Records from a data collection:
——

lemma Riemann_sum_one_minus_powr_tendsto:
  fixes \<sigma> \<gamma> \<delta> :: real and A B :: "nat \<Rightarrow> nat"
  assumes "0 \<le> \<gamma>" "\<gamma> < \<delta>" "\<delta> < 1"
    and lim_A: "(\<lambda>n. real (A n) / real n) \<longlonglongrightarrow> \<gamma>"
    and lim_B: "(\<lambda>n. real (Suc (B n)) / real n) \<longlonglongrightarrow> \<delta>"
  shows "(\<lambda>n. (\<Sum>k=A n..B n. \<sigma> * (1 - real k / real n) powr (\<sigma> - 1)) / real n)
           \<longlonglongrightarrow> (1 - \<gamma>) powr \<sigma> - (1 - \<delta>) powr \<sigma>"
proof -
  have "{-1<..<1} \<subseteq> {..<1::real}"
    by auto
  then have "mono_on {-1<..<1} (\<lambda>x. \<sigma> * (1 - x) powr (\<sigma> - 1)) \<or>
             antimono_on {-1<..<1} (\<lambda>x. \<sigma> * (1 - x) powr (\<sigma> - 1))"
    using one_minus_powr_monotone[of \<sigma> "\<sigma> - 1"] monotone_on_subset by blast
  moreover have "isCont (\<lambda>x. \<sigma> * (1 - x) powr (\<sigma> - 1)) x" if "x < 1" for x
    using that by (intro continuous_intros) auto
  ultimately show ?thesis
    using Riemann_sum_tendsto[of "-1" \<gamma> \<delta> 1 "\<lambda>x. - ((1 - x) powr \<sigma>)"
        "\<lambda>x. \<sigma> * (1 - x) powr (\<sigma> - 1)" A B]
      has_real_derivative_neg_one_minus_powr assms by simp
qed

lemma sum_small_o_increments_one_minus_powr_tendsto_0:
  fixes T :: "nat \<Rightarrow> real" and A B :: "nat \<Rightarrow> nat" and p \<gamma> \<delta> :: real
  assumes T: "(\<lambda>n. T n / real n) \<longlonglongrightarrow> 0"
    and "\<gamma> < 1" "0 \<le> \<delta>" "\<delta> < 1"
    and A: "\<And>n. 1 \<le> A n" and B: "\<And>n. real (B n) \<le> \<delta> * real n"
    and lim_A: "(\<lambda>n. real (A n) / real n) \<longlonglongrightarrow> \<gamma>"
    and lim_B: "(\<lambda>n. real (B n) / real n) \<longlonglongrightarrow> \<delta>"
  shows "(\<lambda>n. (\<Sum>k=A n..B n. (T k - T (k - 1)) * (1 - real k / real n) powr p) / real n) \<longlonglongrightarrow> 0"
proof (rule sum_small_o_increments_tendsto_0[OF T])
  have "B n \<le> n" for n
  proof -
    have "\<delta> * real n \<le> real n"
      using assms(3,4) by (intro mult_left_le_one_le) auto
    then show ?thesis
      using B[of n] by linarith
  qed
  moreover have "real k / real n \<in> {..<1}" if "k \<le> B n" for k n
  proof (cases "n = 0")
    case False
    have "real k \<le> \<delta> * real n"
      using that B[of n] by linarith
    then have "real k / real n \<le> \<delta>"
      using False by (simp add: divide_le_eq)
    then show ?thesis
      using \<open>\<delta> < 1\<close> by simp
  qed simp
  then have "mono_on {A n..B n} (\<lambda>k. (1 - real k / real n) powr p) \<or>
             antimono_on {A n..B n} (\<lambda>k. (1 - real k / real n) powr p)" for n
    using monotone_on_grid[OF one_minus_powr_monotone[of 1 p]] by simp
  ultimately show "\<forall>\<^sub>F n in sequentially. 1 \<le> A n \<and> B n \<le> n \<and>
      (mono_on {A n..B n} (\<lambda>k. (1 - real k / real n) powr p) \<or>
       antimono_on {A n..B n} (\<lambda>k. (1 - real k / real n) powr p))"
    using A by simp
  have "isCont (\<lambda>x. (1 - x) powr p) x" if "x < 1" for x
    using that by (intro continuous_intros) auto
  then have "(\<lambda>n. (1 - real (A n) / real n) powr p) \<longlonglongrightarrow> (1 - \<gamma>) powr p"
    and "(\<lambda>n. (1 - real (B n) / real n) powr p) \<longlonglongrightarrow> (1 - \<delta>) powr p"
    using assms(2,4) by (auto intro!: isCont_tendsto_compose[OF _ lim_A] isCont_tendsto_compose[OF _ lim_B])
  then show "Bseq (\<lambda>n. (1 - real (A n) / real n) powr p)" "Bseq (\<lambda>n. (1 - real (B n) / real n) powr p)"
    by (blast intro: convergent_imp_Bseq convergentI)+
qed

lemma centred_partial_sums:
  fixes s T :: "nat \<Rightarrow> real"
  assumes T: "\<And>k. T k = (\<Sum>j=1..k. s j) - \<sigma> * real k"
    and mean: "(\<lambda>n. (\<Sum>k=1..n. s k) / real n) \<longlonglongrightarrow> \<sigma>"
  shows "(\<lambda>n. T n / real n) \<longlonglongrightarrow> 0"
    and "1 \<le> k \<Longrightarrow> s k = \<sigma> + (T k - T (k - 1))"
proof -
  have "(\<lambda>n. (\<Sum>k=1..n. s k) / real n - \<sigma>) \<longlonglongrightarrow> 0"
    using tendsto_diff[OF mean tendsto_const[of \<sigma>]] by simp
  moreover have "\<forall>\<^sub>F n in sequentially. (\<Sum>k=1..n. s k) / real n - \<sigma> = T n / real n"
    using eventually_gt_at_top[of 0] by eventually_elim (simp add: T field_simps)
  ultimately show "(\<lambda>n. T n / real n) \<longlonglongrightarrow> 0"
    by (rule Lim_transform_eventually)
  show "1 \<le> k \<Longrightarrow> s k = \<sigma> + (T k - T (k - 1))"
    by (cases k) (simp_all add: T algebra_simps)
qed

theorem lemma2p8:
  fixes s :: "nat \<Rightarrow> real" and \<sigma> \<gamma> \<delta> :: real
  assumes nonneg: "\<And>k. k \<ge> 1 \<Longrightarrow> s k \<ge> 0"
    and mean: "(\<lambda>n. (\<Sum>k=1..n. s k) / real n) \<longlonglongrightarrow> \<sigma>"
    and "0 \<le> \<gamma>" and "\<gamma> < \<delta>" and "\<delta> < 1"
  shows "(\<lambda>n. (\<Sum>k\<in>{k. 1 \<le> k \<and> \<lceil>\<gamma> * real n\<rceil> \<le> int k \<and> int k \<le> \<lfloor>\<delta> * real n\<rfloor>}.
              s k * (1 - real k / real n) powr (\<sigma> - 1)) / real n)
         \<longlonglongrightarrow> (1 - \<gamma>) powr \<sigma> - (1 - \<delta>) powr \<sigma>"
proof -
  define A where "A n = max 1 (nat \<lceil>\<gamma> * real n\<rceil>)" for n
  define B where "B n = nat \<lfloor>\<delta> * real n\<rfloor>" for n
  define T where "T k = (\<Sum>j=1..k. s j) - \<sigma> * real k" for k
  have lim_A: "(\<lambda>n. real (A n) / real n) \<longlonglongrightarrow> \<gamma>"
    unfolding A_def using \<open>0 \<le> \<gamma>\<close> by (rule tendsto_nat_ceiling_divide)
  have "0 \<le> \<delta>"
    using assms(3,4) by simp
  then have lim_B: "(\<lambda>n. real (B n) / real n) \<longlonglongrightarrow> \<delta>"
    and lim_Suc_B: "(\<lambda>n. real (Suc (B n)) / real n) \<longlonglongrightarrow> \<delta>"
    unfolding B_def by (rule tendsto_nat_floor_divide)+
  have B_le: "real (B n) \<le> \<delta> * real n" for n
    using \<open>0 \<le> \<delta>\<close> of_int_floor_le[of "\<delta> * real n"] by (simp add: B_def)
  have index_set:
    "{k. 1 \<le> k \<and> \<lceil>\<gamma> * real n\<rceil> \<le> int k \<and> int k \<le> \<lfloor>\<delta> * real n\<rfloor>} = {A n..B n}" for n
    unfolding A_def B_def by (rule Collect_ceiling_floor_eq_atLeastAtMost)
  have split: "(\<Sum>k\<in>{k. 1 \<le> k \<and> \<lceil>\<gamma> * real n\<rceil> \<le> int k \<and> int k \<le> \<lfloor>\<delta> * real n\<rfloor>}.
                  s k * (1 - real k / real n) powr (\<sigma> - 1)) / real n
        = (\<Sum>k=A n..B n. \<sigma> * (1 - real k / real n) powr (\<sigma> - 1)) / real n
          + (\<Sum>k=A n..B n. (T k - T (k - 1)) * (1 - real k / real n) powr (\<sigma> - 1)) / real n" for n
    unfolding index_set
    by (auto simp: centred_partial_sums(2)[OF T_def mean] A_def distrib_right sum.distrib
        add_divide_distrib intro!: arg_cong2[where f = "(/)"] sum.cong)
  show ?thesis
    unfolding split
    using tendsto_add[OF Riemann_sum_one_minus_powr_tendsto[OF assms(3-5) lim_A lim_Suc_B]
        sum_small_o_increments_one_minus_powr_tendsto_0[OF centred_partial_sums(1)[OF T_def mean]
          _ \<open>0 \<le> \<delta>\<close> \<open>\<delta> < 1\<close> _ B_le lim_A lim_B]] assms
    by (simp add: A_def)
qed

end
(* Let $n\ge2$, $m\ge2$ be integers, let $\mathcal{V}=\mathcal{V}_1\otimes\dots\otimes\mathcal{V}_m$ be a tensor product of vector spaces over a field $\mathbb{F}$, let $\{x_a : a\in[n]\}$ be a multiset of product tensors with $x_a=x_{a,1}\otimes\dots\otimes x_{a,m}$, and let $d_j=\dim\operatorname{span}\{x_{a,j}:a\in[n]\}$ for $j\in[m]$. Let $r \in \{0,1,\dots, n\}$. If $n+r \leq \sum_{j=1}^m (d_j-1)+1$, then for any non-negative integer $\tilde{r} \leq r$ and multiset of product tensors $\{y_a : a \in [\tilde{r}]\}$ with $\sum_{a \in [n]} x_a = \sum_{a \in [\tilde{r}]} y_a$, there exist subsets $Q\subseteq[n]$, $R\subseteq[\tilde r]$ with $\max\{1,|R|\}\le |Q|\le n-1$ and $\sum_{a\in Q}x_a=\sum_{a\in R}y_a$. Moreover, if $n+r \leq \sum_{j=1}^m (d_j-1)+1$, $\tilde{r}=\operatorname{rank}[\sum_{a \in [n]} x_a]$, and $1\leq \tilde{r} \leq \min\{r,n-1\}$, then there exists a subset $S \subseteq [n]$ with $\tilde{r} \leq |S| \leq n-1$ for which $\operatorname{rank}[\sum_{a \in S} x_a] < \tilde{r}$.
   Context: $[n]=\{1,\dots,n\}$, $[0]=\emptyset$ (an empty sum is $0$). A product tensor is a non-zero tensor $z_1\otimes\dots\otimes z_m$, $z_j\in\mathcal{V}_j$. $\operatorname{rank}$ denotes tensor rank: the minimum number of product tensors summing to the tensor. *)

theory Defs
  imports Complex_Main "HOL-Library.Function_Algebras"
begin

text \<open>A vector of the factor space is a function 'b => 'a (coordinates
w.r.t. a basis indexed by 'b; every vector space over 'a embeds in such a space).
A factor family z :: nat => 'b => 'a gives z j in V_j for j in {1..m}.
The tensor z_1 (x) ... (x) z_m is represented by its coordinate function on index
tuples i :: nat => 'b, namely i |-> prod_{j=1..m} z j (i j).\<close>

definition fscale :: "'a::field \<Rightarrow> ('b \<Rightarrow> 'a) \<Rightarrow> ('b \<Rightarrow> 'a)" where
  "fscale c f = (\<lambda>x. c * f x)"

definition tprod :: "nat \<Rightarrow> (nat \<Rightarrow> 'b \<Rightarrow> 'a::field) \<Rightarrow> ((nat \<Rightarrow> 'b) \<Rightarrow> 'a)" where
  "tprod m z = (\<lambda>i. \<Prod>j\<in>{1..m}. z j (i j))"

definition is_ptensor :: "nat \<Rightarrow> (nat \<Rightarrow> 'b \<Rightarrow> 'a::field) \<Rightarrow> bool" where
  "is_ptensor m z \<longleftrightarrow> tprod m z \<noteq> 0"

definition trank :: "nat \<Rightarrow> ((nat \<Rightarrow> 'b) \<Rightarrow> 'a::field) \<Rightarrow> nat" where
  "trank m T = (LEAST k. \<exists>y :: nat \<Rightarrow> nat \<Rightarrow> 'b \<Rightarrow> 'a.
      (\<forall>a\<in>{1..k}. is_ptensor m (y a)) \<and> T = (\<Sum>a\<in>{1..k}. tprod m (y a)))"

definition vdim :: "('b \<Rightarrow> 'a::field) set \<Rightarrow> nat" where
  "vdim S = vector_space.dim fscale S"

end

(*
  Call a finite family of vectors connected if it cannot be split into two nonempty
  subfamilies whose spans meet only in 0. The core of the proof is a dimension bound for a
  connected family of nonzero product tensors z_a = z_a1 (x) ... (x) z_am:
    sum_j (dim span {z_aj} - 1) + 1 <= dim span {z_a}.
  It is proved one factor at a time. Writing z_a = u_a (x) w_a, choose a basis {z_b : b in B}
  of the span; a largest P <= B with dim U_P + dim W_P <= |P| + 1 must be all of B, because
  connectivity produces some z_a whose expansion straddles P and B - P, and the relation
  z_a - sum_b c_b z_b, contracted with functionals dual to the u_b, shows that enlarging P
  by the support of that expansion preserves the bound.

  A vanishing sum of product tensors with no vanishing proper subsum is connected and spans a
  space of dimension less than its number of terms, so it has at least sum_j (d_j - 1) + 2
  terms. Given sum_{a in [n]} x_a = sum_{a in [r~]} y_a, take a matching subsum
  sum_Q x = sum_R y with Q nonempty, |R| <= |Q| and |Q| + |R| minimal. If Q were all of [n],
  the x_a together with the -y_b for b in R would form such a minimal vanishing sum with at most
  n + r terms, contradicting n + r <= sum_j (d_j - 1) + 1. For the rank statement apply this to
  a decomposition of length r~ = rank, pass to complements so that |R| < |Q|, and pad Q to a
  set S of size at least r~ whose sum has rank at most |R| + |S - Q| < r~.
*)
theory Submission
  imports Defs
begin

section \<open>Coordinate vector spaces\<close>

interpretation fs: vector_space "fscale :: 'a::field \<Rightarrow> ('b \<Rightarrow> 'a) \<Rightarrow> 'b \<Rightarrow> 'a"
  by unfold_locales (auto simp: fscale_def fun_eq_iff algebra_simps)

interpretation fs_pair: vector_space_pair "fscale :: 'a::field \<Rightarrow> ('b \<Rightarrow> 'a) \<Rightarrow> 'b \<Rightarrow> 'a"
    "fscale :: 'a \<Rightarrow> ('c \<Rightarrow> 'a) \<Rightarrow> 'c \<Rightarrow> 'a"
  by unfold_locales

interpretation fs_functional: vector_space_pair "fscale :: 'a::field \<Rightarrow> ('b \<Rightarrow> 'a) \<Rightarrow> 'b \<Rightarrow> 'a"
    "(*) :: 'a \<Rightarrow> 'a \<Rightarrow> 'a"
  by unfold_locales (auto simp: algebra_simps)

lemma fscale_apply: "fscale c f x = c * f x"
  by (simp add: fscale_def)

lemma in_span_of_fscale_in_span:
  assumes "fscale c v \<in> fs.span S" "c \<noteq> 0"
  shows "v \<in> fs.span S"
  using fs.span_scale[OF assms(1), of "inverse c"] assms(2) by (simp add: fs.scale_scale)

lemma linear_image_in_span:
  fixes h :: "('b \<Rightarrow> 'a::field) \<Rightarrow> 'c \<Rightarrow> 'a"
  assumes "Vector_Spaces.linear fscale fscale h" "v \<in> fs.span X" "h ` X \<subseteq> fs.span W"
  shows "h v \<in> fs.span W"
proof -
  have "h v \<in> fs.span (h ` X)"
    using fs_pair.linear_span_image[OF assms(1)] assms(2) by blast
  also have "\<dots> \<subseteq> fs.span W"
    using assms(3) by (simp add: fs.span_minimal)
  finally show ?thesis .
qed

lemma dim_le_dim_of_subset_span:
  fixes V W :: "('b \<Rightarrow> 'a::field) set"
  assumes "V \<subseteq> fs.span W" "finite W"
  shows "fs.dim V \<le> fs.dim W"
proof -
  obtain B where B: "B \<subseteq> W" "fs.independent B" "W \<subseteq> fs.span B" "card B = fs.dim W"
    by (rule fs.basis_exists)
  have "V \<subseteq> fs.span B"
    using assms(1) B(3) fs.span_minimal[of W "fs.span B"] by auto
  moreover have "finite B"
    using B(1) assms(2) finite_subset by blast
  ultimately show ?thesis
    using B(4) fs.dim_le_card by metis
qed

lemma dim_pos_of_nonzero:
  fixes S X :: "('b \<Rightarrow> 'a::field) set"
  assumes "finite X" "S \<subseteq> fs.span X" "v \<in> S" "v \<noteq> 0"
  shows "1 \<le> fs.dim S"
proof -
  obtain C where C: "C \<subseteq> S" "fs.independent C" "S \<subseteq> fs.span C" "card C = fs.dim S"
    by (rule fs.basis_exists)
  have "finite C"
    using fs.independent_span_bound[OF assms(1) C(2)] C(1) assms(2) by blast
  moreover have "C \<noteq> {}"
    using C(3) assms(3,4) by auto
  ultimately have "0 < card C"
    by (simp add: card_gt_0_iff)
  then show ?thesis
    using C(4) by simp
qed

lemma dim_Un_add_dim_span_Int_le:
  fixes X Y :: "('b \<Rightarrow> 'a::field) set"
  assumes "finite X" "finite Y"
  shows "fs.dim (X \<union> Y) + fs.dim (fs.span X \<inter> fs.span Y) \<le> fs.dim X + fs.dim Y"
proof -
  let ?K = "fs.span X \<inter> fs.span Y"
  obtain C where C: "C \<subseteq> ?K" "fs.independent C" "card C = fs.dim ?K"
    by (rule fs.basis_exists)
  obtain D where D: "C \<subseteq> D" "D \<subseteq> fs.span X" "fs.independent D" "fs.span X \<subseteq> fs.span D"
    using fs.maximal_independent_subset_extend[of C "fs.span X"] C(1,2) by blast
  obtain E where E: "C \<subseteq> E" "E \<subseteq> fs.span Y" "fs.independent E" "fs.span Y \<subseteq> fs.span E"
    using fs.maximal_independent_subset_extend[of C "fs.span Y"] C(1,2) by blast
  have fin: "finite D" "finite E"
    using fs.independent_span_bound assms D(2,3) E(2,3) by blast+
  have "X \<union> Y \<subseteq> fs.span (D \<union> E)"
    using D(4) E(4) fs.span_superset[of X] fs.span_superset[of Y]
      fs.span_mono[of D "D \<union> E"] fs.span_mono[of E "D \<union> E"] by blast
  then have "fs.dim (X \<union> Y) \<le> card (D \<union> E)"
    using fin by (intro fs.dim_le_card) auto
  moreover have "card (D \<union> E) + card (D \<inter> E) = card D + card E"
    using card_Un_Int[OF fin] by simp
  moreover have "card C \<le> card (D \<inter> E)"
    using D(1) E(1) fin by (intro card_mono) auto
  moreover have "card D = fs.dim X" "card E = fs.dim Y"
    using fs.basis_card_eq_dim D(2-4) E(2-4) by (metis fs.dim_span)+
  ultimately show ?thesis
    using C(3) by linarith
qed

——

TASK OBJECTIVE => Your task is to transcribe the line containing "obtain E where" and every line after it, through the last line of the data, exactly as written and with nothing more.

RESULT FOR THIS EXERCISE =>
  obtain E where E: "C \<subseteq> E" "E \<subseteq> fs.span Y" "fs.independent E" "fs.span Y \<subseteq> fs.span E"
    using fs.maximal_independent_subset_extend[of C "fs.span Y"] C(1,2) by blast
  have fin: "finite D" "finite E"
    using fs.independent_span_bound assms D(2,3) E(2,3) by blast+
  have "X \<union> Y \<subseteq> fs.span (D \<union> E)"
    using D(4) E(4) fs.span_superset[of X] fs.span_superset[of Y]
      fs.span_mono[of D "D \<union> E"] fs.span_mono[of E "D \<union> E"] by blast
  then have "fs.dim (X \<union> Y) \<le> card (D \<union> E)"
    using fin by (intro fs.dim_le_card) auto
  moreover have "card (D \<union> E) + card (D \<inter> E) = card D + card E"
    using card_Un_Int[OF fin] by simp
  moreover have "card C \<le> card (D \<inter> E)"
    using D(1) E(1) fin by (intro card_mono) auto
  moreover have "card D = fs.dim X" "card E = fs.dim Y"
    using fs.basis_card_eq_dim D(2-4) E(2-4) by (metis fs.dim_span)+
  ultimately show ?thesis
    using C(3) by linarith
qed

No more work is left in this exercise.